Исповедь Мотылька - Айя Субботина
Шрифт:
Интервал:
Закладка:
А потом я резко распахиваю ее халат, дергаю полы в разны стороны. Воробей вскрикивает, но даже не думает прятаться, напротив, будто прилипает задницей к моему паху.
Это уже слишком. Я буквально с силой заставляю себя отстраниться от нее, иначе еще мгновение — и все. Жизнь трудна — таковые последствия сумасшедшего желания своей женщины.
Я бы хотел ласкать ее дольше, вести к оргазму неспеша, заставить молить о продолжении. Но все это когда-то в следующий раз. А сейчас я в несколько рваных движений полностью освобождаю ее от халата, а затем, пока Воробей не успела сообразить, подхватываю ее на руки и перекидываю через столешницу, ставлю сверху так, чтобы она оказалась на четвереньках передо мной.
В ее глазах мелькает удивление и неуверенность, но я снова притягиваю ее к себе, заставляя подняться на коленях, выпрямиться и прижаться ко мне спиной.
— Ничего не бойся. Сегодня тебя трахаю я. Все возражения и пожелания принимаются после. В письменном виде, в трех экземплярах.
Она тихонько смеется, но прекращает сразу же, когда я кладу руку на ее спину и понуждаю наклониться вперед, почти лечь на столешницу, оставив задницу оттопыренной вверх. И она делает это.
На ней лишь домашние трусики, но через мгновение они, несчастные и разорванные в клочки, летят куда-то в сторону.
Это просто охренительный вид. И когда-нибудь я обязательно сниму ее на камеру, сниму, как вылизываю ее, как трахаю. Это будет только наше домашнее порно — откровенное, пошлое, грязное.
Кладу руки на ее ягодицы, чуть приседаю и провожу языком снизу вверх, от самой промежности и выше, задевая туго стянутой анальное отверстие. Она мокрая, очень мокрая, и реагирует на мой язык пронзительным стоном, хватается руками за края столешницы и еще сильнее разводит ноги, приопускаясь еще немного ниже.
И тогда я стискиваю ее сильнее, держу, контролирую, шире развожу ее ягодицы. Да, я хочу лизать ее всю. Хочу трахать языком ее всю. Кто-то скажет извращенец? Мне плевать чуть больше, чем полностью.
Она подается моему языку, ластится к нему, кричит и извивается, когда я проникаю в нее, когда дразню короткими быстрыми движениями, когда играю, точно на музыкальном инструменте.
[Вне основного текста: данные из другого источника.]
lemma abs_set_integral_unit_interval_le:
  fixes F :: "real \<Rightarrow> real"
  assumes "\<And>l. l \<in> {0..1} \<Longrightarrow> \<bar>F l\<bar> \<le> K"
  shows "\<bar>LINT l:{0..1}|lborel. F l\<bar> \<le> K"
proof -
  have "0 \<le> K"
    using assms[of 0] by auto
  have "\<bar>LINT l:{0..1}|lborel. F l\<bar> \<le> (LINT l|lborel. \<bar>indicator {0..1} l * F l\<bar>)"
    using integral_abs_bound[of lborel "\<lambda>l. indicator {0..1} l * F l"]
    by (simp add: set_lebesgue_integral_def)
  also have "\<dots> \<le> (LINT l|lborel. indicator {0..1::real} l * K)"
    using assms \<open>0 \<le> K\<close>
    by (intro Bochner_Integration.integral_mono' integrable_mult_left integrable_real_indicator)
      (auto simp: indicator_def)
  also have "\<dots> = K"
    by simp
  finally show ?thesis .
qed

lemma Rem_eq:
  assumes g: "sq_int g" and v: "sq_int v"
    and "integrable M (\<lambda>w. Y w * (LINT l:{0..1}|lborel. xcorr v g (X w + l * Y w)))"
    and "integrable M (\<lambda>w. Y w * xcorr v g (X w))"
  shows "Rem g M X Y v = (LINT w|M. - Y w * (LINT l:{0..1}|lborel. xcorr v g (X w + l * Y w)))
    + (LINT w|M. Y w * xcorr v g (X w))"
  using assms set_integral_segment_diff[OF xcorr_measurable[OF v g] abs_xcorr_le[OF v g]]
  by (simp add: Rem_def conv_fun_gcheck Bochner_Integration.integral_diff)
(* Suppose $\beta>1$ and $T<\infty$. If $(a_n)$ satisfies $n^{1/2}/a_n\to0$, then \[\sup_{t\le T}\Big|\sum_{j=2}^{\lfloor nt\rfloor}\frac{\chi_j^-}{a_n}\Big|\] converges in probability to $0$ as $n\to\infty$.
   Context: Let $(Y_k)_{k\ge0}$ be a random walk on $\mathbb{Z}$ with $Y_0=0$ stepping to $y-1$ with probability $1/(\beta+1)$ and to $y+1$ with probability $\beta/(\beta+1)$. Let $\upsilon_\beta=(\beta-1)/(\beta+1)$. Regeneration times: $\zeta^Y_0=0$ and for $j\ge1$, $\zeta^Y_j:=\inf\{m>\zeta^Y_{j-1}:\{Y_r\}_{r=0}^{m-1}\cap\{Y_r\}_{r=m}^\infty=\emptyset\}$; regeneration points $\varrho_j:=Y_{\zeta^Y_j}$ (with $\varrho_0=0$). Define $\chi^-_j:=\upsilon_\beta(\zeta^Y_j-\zeta^Y_{j-1})-(\varrho_j-\varrho_{j-1})$. *)

theory Defs
  imports "HOL-Probability.Probability"
begin

definition walk :: "(nat \<Rightarrow> 'a \<Rightarrow> int) \<Rightarrow> 'a \<Rightarrow> nat \<Rightarrow> int" where
  "walk X \<omega> m = (\<Sum>k<m. X k \<omega>)"

definition is_regen :: "(nat \<Rightarrow> int) \<Rightarrow> nat \<Rightarrow> bool" where
  "is_regen Y m \<longleftrightarrow> Y ` {..<m} \<inter> Y ` {m..} = {}"

text \<open>Regeneration times zeta_j (Inf of the empty set of naturals is 0 in Isabelle).\<close>
fun regen_time :: "(nat \<Rightarrow> int) \<Rightarrow> nat \<Rightarrow> nat" where
  "regen_time Y 0 = 0"
| "regen_time Y (Suc j) = Inf {m. regen_time Y j < m \<and> is_regen Y m}"

definition regen_point :: "(nat \<Rightarrow> int) \<Rightarrow> nat \<Rightarrow> int" where
  "regen_point Y j = Y (regen_time Y j)"

definition upsilon :: "real \<Rightarrow> real" where
  "upsilon \<beta> = (\<beta> - 1) / (\<beta> + 1)"

definition chi_minus :: "real \<Rightarrow> (nat \<Rightarrow> int) \<Rightarrow> nat \<Rightarrow> real" where
  "chi_minus \<beta> Y j =
     upsilon \<beta> * (real (regen_time Y j) - real (regen_time Y (j - 1)))
     - real_of_int (regen_point Y j - regen_point Y (j - 1))"

end

theory Submission
  imports Defs
begin

text \<open>
  Since \<open>\<chi>\<^sup>-\<^sub>j = D(\<zeta>\<^sub>j) - D(\<zeta>\<^sub>j\<^sub>-\<^sub>1)\<close> with \<open>D(m) = \<upsilon> m - Y\<^sub>m\<close>, the sum over \<open>2 \<le> j \<le> K\<close>
  telescopes, and the supremum over \<open>t \<le> T\<close> is at most \<open>2 max\<^sub>m\<^sub>\<le>\<^sub>N |Y\<^sub>m - \<upsilon> m| / a\<^sub>n\<close>
  as soon as \<open>\<lfloor>nT\<rfloor>\<close> regeneration times occur up to time \<open>N\<close>. Take \<open>N = 2JL\<close> with
  \<open>L\<close> proportional to \<open>n\<close>. By Kolmogorov's maximal inequality, \<open>|Y\<^sub>m - \<upsilon> m|\<close> reaches
  \<open>\<epsilon> a\<^sub>n / 2\<close> before \<open>N\<close> with probability \<open>O(n / a\<^sub>n\<^sup>2)\<close>. For the regeneration times,
  cut \<open>[0, N)\<close> into \<open>L\<close> windows of length \<open>2J\<close>. A window consists of up-steps only
  with probability \<open>q = p\<^sup>2\<^sup>J\<close>, so by the second moment method fewer than \<open>Lq/2\<close> windows
  do so with probability \<open>O(1/(Lq))\<close>. The midpoint of such a window is a regeneration
  time unless the walk backtracks by \<open>J\<close> before or after the window; the backtracking
  depends only on the steps outside the window and, by Hoeffding's inequality, has
  probability at most \<open>\<delta>\<^sub>J \<rightarrow> 0\<close>. By Markov's inequality, at least \<open>Lq/4\<close> windows both
  climb and backtrack with probability at most \<open>4 \<delta>\<^sub>J\<close>.
\<close>

section \<open>Regeneration times of integer paths\<close>

lemma is_regen_iff: "is_regen Y m \<longleftrightarrow> (\<forall>r<m. \<forall>r'\<ge>m. Y r \<noteq> Y r')"
  unfolding is_regen_def by (auto simp: disjoint_iff)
С нее течет, с моих губ течет — и ее смазка, и моя собственная слюна. Половина моего лица вымазано в ней. А я продолжаю вести ее дальше и дальше. Впрочем, недолго. Ее возбуждение и без того огромно. Воробей точно насаживается на мой язык, а я пронзаю ее так глубоко и так сильно, как могу.
Она стонет, кричит, бьется на столе, лишь каким-то чудом умудряясь удерживаться на нем в почти уже распластанном положении. Но я держу, не выпускаю, вылизываю ее до тех пор, пока Воробей не начинает биться в подобии мелкой агонии, делая слабые попытки отползти.
И только тогда позволяю ей отдохнуть.
Некоторое время она лежит вообще без движения, лишь немного перевернувшись набок и подтянув колени к груди.
— Как мокро, — говорит с улыбкой, когда пытается умаститься на столешнице, действительно залитой изрядной лужей.
Стаскиваю через голову толстовку и наклоняюсь над Воробьем. В ее глазах до сих пор мутная поволока и будто искорка какого-то безумства.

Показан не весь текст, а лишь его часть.